lemma degree_L1_poly_le: "degree (L1_poly a c m n) \<le> n + m"
  unfolding L1_poly_def
  by (intro degree_sum_le order_trans[OF degree_smult_le]) (auto intro: order_trans[OF degree_S_poly_pintegral_funpow_monom])

lemma coeff_L1_poly_top:
  assumes "m \<ge> 1"
  shows "pochhammer (of_nat n + 1) m * coeff (L1_poly a c m n) (n + m) = poly (L1_leading_poly c m) (of_nat n)"
proof -
  have lower: "coeff (smult (c j k) ((S_poly a ^^ j) ((pintegral ^^ (k - j)) (monom 1 n)))) (n + m) = 0"
    if "j \<le> k" "k < m" for j k
    using that degree_S_poly_pintegral_funpow_monom[of j k a n] by (simp add: coeff_eq_0)
  have "{1..m} = insert m {1..<m}"
    using assms by auto
  then have "coeff (L1_poly a c m n) (n + m)
      = (\<Sum>j=0..m. c j m * coeff ((S_poly a ^^ j) ((pintegral ^^ (m - j)) (monom 1 n))) (n + m))"
    unfolding L1_poly_def coeff_sum using lower by (simp add: sum.neutral)
  then have "pochhammer (of_nat n + 1) m * coeff (L1_poly a c m n) (n + m)
      = (\<Sum>j=0..m. c j m * (pochhammer (of_nat n + 1) m *
           coeff ((S_poly a ^^ j) ((pintegral ^^ (m - j)) (monom 1 n))) (n + m)))"
    by (simp add: sum_distrib_left algebra_simps)
  also have "\<dots> = (\<Sum>j=0..m. c j m * pochhammer (of_nat (n + m - j)) j)"
    using coeff_S_poly_pintegral_funpow_monom assms by (intro sum.cong) auto
  finally show ?thesis
    by (simp add: poly_L1_leading_poly atLeast0AtMost)
qed
lemma has_length_b_kappa_exists:
  obtains w :: "('a::wellorder \<Rightarrow> 'a) rel"
  where "has_length_b_kappa w TYPE('a)" "Well_order w"
    "\<forall>\<xi>\<in>Field w. \<forall>G :: ('a \<Rightarrow> 'a) set. G \<lesssim> underS w \<xi> \<longrightarrow> \<not> unbounded_family G"
proof -
  define R where "R = {|F| | F :: ('a \<Rightarrow> 'a) set. unbounded_family F}"
  have "R \<noteq> {}" unfolding R_def using unbounded_family_UNIV by blast
  moreover have "\<forall>r\<in>R. Card_order r" unfolding R_def using card_of_Card_order by blast
  ultimately obtain r where r: "r \<in> R" "\<forall>r'\<in>R. r \<le>o r'"
    using exists_minim_Card_order by blast
  then obtain F0 :: "('a \<Rightarrow> 'a) set" where F0: "r = |F0|" "unbounded_family F0"
    unfolding R_def by blast
  have F0_min: "F0 \<lesssim> F" if "unbounded_family F" for F :: "('a \<Rightarrow> 'a) set"
  proof -
    have "|F| \<in> R" unfolding R_def using that by blast
    hence "|F0| \<le>o |F|" using r(2) F0(1) by blast
    thus ?thesis unfolding lepoll_def using card_of_ordLeq by blast
  qed
  define w where "w = |F0|"
  have w_card: "Card_order w" unfolding w_def by (rule card_of_Card_order)
  have w_field: "Field w = F0" unfolding w_def by (rule Field_card_of)
  have "has_length_b_kappa w TYPE('a)"
    unfolding has_length_b_kappa_def using w_card F0(2) F0_min eqpoll_refl unfolding w_field by blast
  moreover have "Well_order w" using w_card by (simp add: card_order_on_well_order_on)
  moreover have "\<forall>\<xi>\<in>Field w. \<forall>G :: ('a \<Rightarrow> 'a) set. G \<lesssim> underS w \<xi> \<longrightarrow> \<not> unbounded_family G"
  proof (intro ballI allI impI notI)
    fix \<xi> and G :: "('a \<Rightarrow> 'a) set"
    assume \<xi>: "\<xi> \<in> Field w" and "G \<lesssim> underS w \<xi>" and "unbounded_family G"
    hence "F0 \<lesssim> underS w \<xi>" using F0_min lepoll_trans by blast
    hence "|F0| \<le>o |underS w \<xi>|" unfolding lepoll_def using card_of_ordLeq by blast
    moreover have "|underS w \<xi>| <o w" using card_of_underS[OF w_card \<xi>] .
    ultimately show False unfolding w_def using not_ordLess_ordLeq by blast
  qed
  ultimately show thesis using that by blast
qed

locale regular_uncountable =
  fixes \<kappa> :: "'a::wellorder itself"
  assumes regular_uncountable: "kappa_regular_uncountable \<kappa>"
begin

lemma exists_greater: "\<exists>y. (x::'a) < y"
proof (rule ccontr)
  assume "\<nexists>y. x < y"
  hence U: "UNIV = insert x {..<x}" by (auto simp: not_less_iff_gr_or_eq)
  have "infinite (UNIV::'a set)"
    using regular_uncountable countable_finite unfolding kappa_regular_uncountable_def by blast
  hence "infinite {..<x}" using U by (metis finite_insert)
  hence "{..<x} \<approx> (UNIV::'a set)" using U infinite_insert_eqpoll eqpoll_sym by metis
  thus False using regular_uncountable unfolding kappa_regular_uncountable_def by blast
qed

lemma bounded_set_atMost: "bounded_set {..(x::'a)}"
proof -
  obtain y where "x < y" using exists_greater by blast
  thus ?thesis unfolding bounded_set_def by (intro exI[of _ y]) auto
qed

lemma lesspoll_UNIV_imp_bounded_set:
  assumes "(X::'a set) \<prec> (UNIV::'a set)"
  shows "bounded_set X"
proof (rule ccontr)
  assume "\<not> bounded_set X"
  hence "\<forall>\<beta>. \<exists>x\<in>X. \<beta> \<le> x" unfolding bounded_set_def by (meson lessThan_iff not_le subsetI)
  then obtain f :: "'a \<Rightarrow> 'a" where "bij_betw f UNIV X"
    using regular_uncountable unfolding kappa_regular_uncountable_def by blast
  hence "X \<approx> (UNIV::'a set)" using eqpoll_def eqpoll_sym by blast
  thus False using assms unfolding lesspoll_def by blast
qed

lemma lessThan_lesspoll_UNIV: "{..<(x::'a)} \<prec> (UNIV::'a set)"
  using regular_uncountable unfolding kappa_regular_uncountable_def lesspoll_def
  by (simp add: subset_imp_lepoll)

lemma countable_lesspoll_UNIV:
  assumes "countable (X::'a set)"
  shows "X \<prec> (UNIV::'a set)"
proof -
  have "\<not> X \<approx> (UNIV::'a set)"
  proof
    assume "X \<approx> (UNIV::'a set)"
    hence "countable (UNIV::'a set)"
      using assms countable_lepoll eqpoll_sym eqpoll_imp_lepoll by metis
    thus False using regular_uncountable unfolding kappa_regular_uncountable_def by blast
  qed
  thus ?thesis unfolding lesspoll_def by (simp add: subset_imp_lepoll)
qed

lemma eventually_less_imp_le:
  assumes "eventually_less f (g :: 'a \<Rightarrow> 'a)"
  obtains \<beta> where "\<And>\<gamma>. \<beta> \<le> \<gamma> \<Longrightarrow> f \<gamma> \<le> g \<gamma>"
proof -
  obtain \<beta> where \<beta>: "{\<alpha>. g \<alpha> \<le> f \<alpha>} \<subseteq> {..<\<beta>}"
    using assms lesspoll_UNIV_imp_bounded_set
    unfolding eventually_less_def bounded_set_def by blast
  have "f \<gamma> \<le> g \<gamma>" if "\<beta> \<le> \<gamma>" for \<gamma>
  proof (rule ccontr)
    assume "\<not> f \<gamma> \<le> g \<gamma>"
    hence "\<gamma> \<in> {\<alpha>. g \<alpha> \<le> f \<alpha>}" by simp
    hence "\<gamma> < \<beta>" using \<beta> by blast
    thus False using that by simp
  qed
  thus thesis using that by blast
qed

lemma closure_points_unbounded: "\<exists>\<delta>\<in>closure_points h. (\<beta>::'a) \<le> \<delta>"
proof -
  have "\<exists>y. x < y \<and> (\<forall>\<gamma><x. h \<gamma> < y)" for x
  proof -
    have "h ` {..<x} \<prec> (UNIV::'a set)"
      using lesspoll_trans1[OF image_lepoll lessThan_lesspoll_UNIV] .
    then obtain \<beta> where \<beta>: "h ` {..<x} \<subseteq> {..<\<beta>}"
      using lesspoll_UNIV_imp_bounded_set unfolding bounded_set_def by blast
    obtain s where "x < s" using exists_greater by blast
    with \<beta> show ?thesis by (intro exI[of _ "max \<beta> s"]) (auto simp: less_max_iff_disj)
  qed
  then obtain nxt where nxt: "\<And>x. x < nxt x" "\<And>x \<gamma>. \<gamma> < x \<Longrightarrow> h \<gamma> < nxt x" by metis
  define b where "b n = (nxt ^^ n) \<beta>" for n
  have b_Suc: "b (Suc n) = nxt (b n)" for n unfolding b_def by simp
  have "range b \<prec> (UNIV::'a set)" by (rule countable_lesspoll_UNIV) simp
  then obtain \<mu> where "range b \<subseteq> {..<\<mu>}"
    using lesspoll_UNIV_imp_bounded_set unfolding bounded_set_def by blast
  hence "b n < \<mu>" for n by blast
  moreover have "b n < b (Suc n)" for n using nxt(1) b_Suc by simp
  ultimately obtain \<delta> where \<delta>: "\<forall>n. b n < \<delta>" "\<forall>\<gamma><\<delta>. \<exists>n. \<gamma> < b n"
    using strict_chain_has_limit by blast
  have "\<delta> \<in> closure_points h"
    unfolding closure_points_def acc_def
  proof (intro CollectI conjI allI impI)
    show "\<exists>\<beta>. \<beta> < \<delta>" using \<delta> by blast
    fix \<gamma> assume "\<gamma> < \<delta>"
    then obtain n where n: "\<gamma> < b n" using \<delta> by blast
    thus "\<exists>x\<in>UNIV. \<gamma> < x \<and> x < \<delta>" using \<delta> by blast
    have "h \<gamma> < b (Suc n)" using nxt(2)[OF n] b_Suc by simp
    thus "h \<gamma> < \<delta>" using \<delta> by (meson order_less_trans)
  qed
  moreover have "\<beta> \<le> \<delta>" using \<delta>(1)[rule_format, of 0] unfolding b_def by simp
  ultimately show ?thesis by blast
qed

lemma club_closure_points: "club (closure_points (h :: 'a \<Rightarrow> 'a))"
  unfolding club_def using closure_points_unbounded acc_closure_points_subset by blast

lemma next_in_club:
  assumes "club (D::'a set)"
  shows "next_in D \<gamma> \<in> D" "\<gamma> < next_in D \<gamma>"
proof -
  obtain y where y: "\<gamma> < y" using exists_greater by blast
  obtain x where x: "x \<in> D" "y \<le> x" using assms unfolding club_def by blast
  have "next_in D \<gamma> \<in> D \<and> \<gamma> < next_in D \<gamma>"
    unfolding next_in_def by (rule LeastI[of _ x]) (use x y in auto)
  thus "next_in D \<gamma> \<in> D" "\<gamma> < next_in D \<gamma>" by auto
qed

lemma bounded_closure_points_diff:
  assumes D: "club (D::'a set)" and le: "\<And>\<gamma>. \<beta> \<le> \<gamma> \<Longrightarrow> next_in D \<gamma> \<le> h \<gamma>"
  shows "bounded_set (closure_points h - D)"
proof -
  have "\<delta> \<in> D" if \<delta>: "\<delta> \<in> closure_points h" "\<beta> < \<delta>" for \<delta>
  proof -
    have "\<delta> \<in> acc D" unfolding acc_def
    proof (intro CollectI conjI allI impI)
      show "\<exists>\<beta>. \<beta> < \<delta>" using \<delta> by blast
      fix \<gamma> assume "\<gamma> < \<delta>"
      hence "max \<gamma> \<beta> < \<delta>" using \<delta> by simp
      hence "next_in D (max \<gamma> \<beta>) < \<delta>"
        using le[of "max \<gamma> \<beta>"] \<delta>(1) unfolding closure_points_def by fastforce
      thus "\<exists>x\<in>D. \<gamma> < x \<and> x < \<delta>"
        using next_in_club[OF D, of "max \<gamma> \<beta>"] by (metis max.strict_boundedE)
    qed
    thus ?thesis using D unfolding club_def by blast
  qed
  hence "closure_points h - D \<subseteq> {..\<beta>}" by (auto intro: leI)
  thus ?thesis using bounded_set_atMost bounded_set_subset by blast
qed

lemma bounded_tails_in_diff:
  assumes "bounded_set (D' - D)"
  shows "bounded_set (tails_in A c D' - tails_in A c (D::'a set))"
proof -
  obtain \<beta>0 where \<beta>0: "D' - D \<subseteq> {..<\<beta>0}" using assms unfolding bounded_set_def by blast
  have "\<alpha> \<in> tails_in A c D" if \<alpha>: "\<alpha> \<in> tails_in A c D'" "\<beta>0 < \<alpha>" for \<alpha>
  proof -
    obtain \<beta> where \<beta>: "\<alpha> \<in> A" "\<beta> < \<alpha>" "c \<alpha> - {..<\<beta>} \<subseteq> D'"
      using \<alpha>(1) unfolding tails_in_def by blast
    have "c \<alpha> - {..<max \<beta> \<beta>0} \<subseteq> D"
    proof
      fix x assume x: "x \<in> c \<alpha> - {..<max \<beta> \<beta>0}"
      hence "x \<in> D'" using \<beta>(3) by (auto simp: less_max_iff_disj)
      moreover have "x \<notin> {..<\<beta>0}" using x by (auto simp: less_max_iff_disj)
      ultimately show "x \<in> D" using \<beta>0 by blast
    qed
    moreover have "max \<beta> \<beta>0 < \<alpha>" using \<beta>(2) \<alpha>(2) by simp
    ultimately show ?thesis using \<beta>(1) unfolding tails_in_def by blast
  qed
  hence "tails_in A c D' - tails_in A c D \<subseteq> {..\<beta>0}" by (auto intro: leI)
  thus ?thesis using bounded_set_atMost bounded_set_subset by blast
qed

Task statement: Looking at the records, report the number of lines that hold the string "allI", with no other text.

Expected answer: 3